Following the math through we arrived at the relationship P[sum(Xi) > or = c]=alpha where the sum(Xi) is Poisson with lamda=12.
Because the Poisson distribution is discrete, we can't just pick any alpha and get the c that goes with it. Instead we have to find what alpha's go with the different c's. (See example A on page 9.2 for example).
To do this we are going to use the cdf function ppois. So alpha=P[sum(Xi) > or = c] = 1 - P[sum(xi) < or = c-1] = 1-F(c-1). (Drawing the picture can help you see why it changes from c to c-1.) To get the table we could use the following code.
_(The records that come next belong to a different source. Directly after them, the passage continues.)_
(* Adding i to L flips sigma exactly above i, and the single-bullet pairs at i are the letters of
   L at i together with their swaps. *)
lemma cup_sum_insert_letter:
  assumes fin: "finite (snd c)" and i: "i \<in> snd c - L" and "finite L"
  shows "cup_sum \<alpha> \<beta> c ((cup_letters (insert i L))(i := single_bullet_pairs))
       = cup_sum \<alpha> \<beta> c (cup_letters_swapped_from L (Suc i))
         + cup_sum \<alpha> \<beta> c (cup_letters_swapped_from L i)"
proof -
  let ?R = "cup_letters L" and ?G = "cup_letters_swapped_from L"
  have "sign_pairs (snd c) ((cup_letters (insert i L))(i := single_bullet_pairs))
      = sign_pairs (snd c) ((?G i)(i := single_bullet_pairs))"
    by (rule sign_pairs_cong) (use i sigma_cases[of L] in
        \<open>auto simp: cup_letters_swapped_from_def cup_letters_def sigma_insert[OF \<open>finite L\<close>]\<close>)
  then have "cup_sum \<alpha> \<beta> c ((cup_letters (insert i L))(i := single_bullet_pairs))
      = (\<Sum>q\<in>?R i \<union> prod.swap ` ?R i. cup_sum \<alpha> \<beta> c ((?G i)(i := {q})))"
    using cup_sum_split[OF fin, of i \<alpha> \<beta> "(?G i)(i := single_bullet_pairs)"] i sigma_cases[of L i]
    by (auto simp: cup_sum_def single_bullet_pairs_def cup_letters_def insert_commute)
  also have "\<dots> = (\<Sum>q\<in>?R i. cup_sum \<alpha> \<beta> c ((?G i)(i := {q})))
                + (\<Sum>q\<in>prod.swap ` ?R i. cup_sum \<alpha> \<beta> c ((?G i)(i := {q})))"
    using i sigma_cases[of L i] by (intro sum.union_disjoint) (auto simp: cup_letters_def)
  also have "\<dots> = cup_sum \<alpha> \<beta> c ((?G i)(i := ?R i)) + cup_sum \<alpha> \<beta> c (?G i)"
    using cup_sum_split[OF fin, of i \<alpha> \<beta> "(?G i)(i := ?R i)"] cup_sum_split[OF fin, of i \<alpha> \<beta> "?G i"] i
    by (simp add: cup_letters_swapped_from_def)
  also have "(?G i)(i := ?R i) = ?G (Suc i)"
    by (auto simp: fun_eq_iff cup_letters_swapped_from_def)
  finally show ?thesis .
qed

lemma cup_sum_telescope:
  assumes fin: "finite (snd c)" and "L \<subseteq> snd c"
  shows "(\<Sum>i\<in>snd c - L. cup_sum \<alpha> \<beta> c ((cup_letters (insert i L))(i := single_bullet_pairs)))
       = cup_sum \<alpha> \<beta> c (cup_letters L) + cup_sum \<beta> \<alpha> c (cup_letters L)"
proof -
  define g where "g t = cup_sum \<alpha> \<beta> c (cup_letters_swapped_from L t)" for t
  have "finite L"
    using assms by (rule finite_subset[rotated])
  have const: "g (Suc t) = g t" if "t \<notin> snd c - L" for t
    unfolding g_def cup_sum_def
    by (rule arg_cong[OF sign_pairs_cong])
      (use that in \<open>auto simp: cup_letters_swapped_from_def cup_letters_def less_Suc_eq\<close>)
  obtain n where n: "snd c \<subseteq> {..<n}"
    using fin by (auto simp: finite_nat_set_iff_bounded)
  have "(\<Sum>i\<in>snd c - L. cup_sum \<alpha> \<beta> c ((cup_letters (insert i L))(i := single_bullet_pairs)))
      = (\<Sum>i<n. g (Suc i) - g i)"
    using n const
    by (intro sum.mono_neutral_cong_left) (auto simp: g_def cup_sum_insert_letter[OF fin _ \<open>finite L\<close>])
  also have "\<dots> = g n + g 0"
    using sum_lessThan_telescope[of g n] by simp
  also have "g n = cup_sum \<alpha> \<beta> c (cup_letters L)"
    unfolding g_def cup_sum_def
    by (rule arg_cong[OF sign_pairs_cong]) (use n in \<open>auto simp: cup_letters_swapped_from_def\<close>)
  also have "g 0 = cup_sum \<beta> \<alpha> c (cup_letters L)"
    unfolding cup_sum_swap[of \<beta> \<alpha>] g_def cup_letters_swapped_from_def by simp
  finally show ?thesis .
qed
cvalues<-1:20 cbind(cvalues,1-ppois(cvalues-1,12))If we chose c=19 we would have an alpha level of approximately 0.037, and if we chose c=18 then alpha would be approximately 0.063. If we needed a level 0.05 test then we would have to make the rejection region be sum(Xi) > or = 19 and the test would be conservative (would not reject as much as we would like).
The binomial works similarly. Notice that the table in Example A on page 301 just gives the cdfs, and does not give the values that they actually want. The table would be found using
cvalues<-0:10 cbind(cvalues,pbinom(cvalues,size=10,prob=.7),pbinom(cvalues,size=10,prob=.6), pbinom(cvalues,size=10,prob=.5))
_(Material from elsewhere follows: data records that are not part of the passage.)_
lemma greedy_heads_subset_tree:
  assumes sd: "simple_digraph V E" and vV: "v \<in> V" and explored: "V \<subseteq> phi E v a"
  shows "greedy_heads E v (card E) \<subseteq> a"
proof (rule ccontr)
  define rejected where "rejected k \<longleftrightarrow> k < card E \<and> snd (snd (explore_run E E v k)) \<noteq> [] \<and>
      hd (snd (snd (explore_run E E v k))) \<notin> a" for k
  assume "\<not> greedy_heads E v (card E) \<subseteq> a"
  then have "\<exists>k. rejected k" by (auto simp: greedy_heads_def rejected_def)
  then obtain k where k: "rejected k" and "\<forall>j<k. \<not> rejected j"
    by (auto simp: exists_least_iff[of rejected])
  then have "greedy_heads E v k \<subseteq> a" by (auto simp: greedy_heads_def rejected_def)
  then have same: "explore_run a E v k = explore_run E E v k" by (rule explore_run_eq_greedy[OF sd])
  obtain A F h L where run: "explore_run E E v k = (A, F, h # L)" and ha: "h \<notin> a"
    using k unfolding rejected_def by (metis list.collapse prod.collapse)
  have hE: "h \<in> E" using explore_run_queue_subset[OF sd run] by auto
  have "fst h \<notin> A"
    using greedy_run_invariant[OF sd vV run] greedy_invariant_step(1)[OF sd] by blast
  have rejection: "explore_run a E v (Suc k) =
      (A, {f \<in> F. fst f \<noteq> fst h \<and> snd f \<noteq> fst h}, filter (\<lambda>f. fst f \<noteq> fst h \<and> snd f \<noteq> fst h) L)"
    using same run ha by (simp add: explore_step_reject)
  have "fst h \<notin> fst ` {f \<in> F. fst f \<noteq> fst h \<and> snd f \<noteq> fst h}" by auto
  moreover have "Suc k \<le> card E" using k by (simp add: rejected_def)
  ultimately have "fst h \<notin> phi E v a"
    unfolding phi_eq_explore_run
    using explore_run_keeps_discarded[OF sd rejection \<open>fst h \<notin> A\<close>] by blast
  moreover have "fst h \<in> V" using hE sd by (auto simp: simple_digraph_def)
  ultimately show False using explored by blast
qed

theorem lemma3p1:
  fixes V :: "'v::linorder set" and E :: "('v \<times> 'v) set" and v :: 'v
  assumes "simple_digraph V E" and "strongly_connected V E" and "v \<in> V"
  shows "(\<exists>!a. spanning_tree V E v a \<and> psi E v a = V) \<and> m_count V E V v = 1"
proof -
  define T where "T = greedy_heads E v (card E)"
  have tree: "spanning_tree V E v T" and psi: "psi E v T = V"
    using greedy_tree_spanning[OF assms] psi_greedy_tree[OF assms] by (simp_all add: T_def)
  have unique: "a = T" if a: "spanning_tree V E v a" and psi_a: "psi E v a = V" for a
  proof -
    have "V \<subseteq> phi E v a" using psi_a by (auto simp: psi_def scc_of_def)
    then have "T \<subseteq> a" unfolding T_def by (rule greedy_heads_subset_tree[OF assms(1,3)])
    then show "a = T" using spanning_tree_subset_eq[OF assms(1) tree a] by simp
  qed
  have "{a. spanning_tree V E v a \<and> psi E v a = V} = {T}" using tree psi unique by blast
  moreover have "\<exists>!a. spanning_tree V E v a \<and> psi E v a = V" using tree psi unique by blast
  ultimately show ?thesis by (simp add: m_count_def)
qed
For example, say you have: P[sum(Xi) < or = c]=0.05, where sum(Xi) is chi-squared with df=3. Then you would simply use: qchisq(0.05,df=3) and get 0.3518463. This is because the q functions give you the values that have the given percent below them (e.g. qnorm(0.5,mean=0,sd=1)=0 and qnorm(0.975,mean=0,sd=1)=1.96).
If it was P[sum(Xi)= or >c]=0.05 you need to notice that that is the same as 1-P[sum(Xi)< c]=0.05 which would be P[sum(xi)< c]=0.95. So we would just use: qchisq(0.95,df=3) and get 7.814728.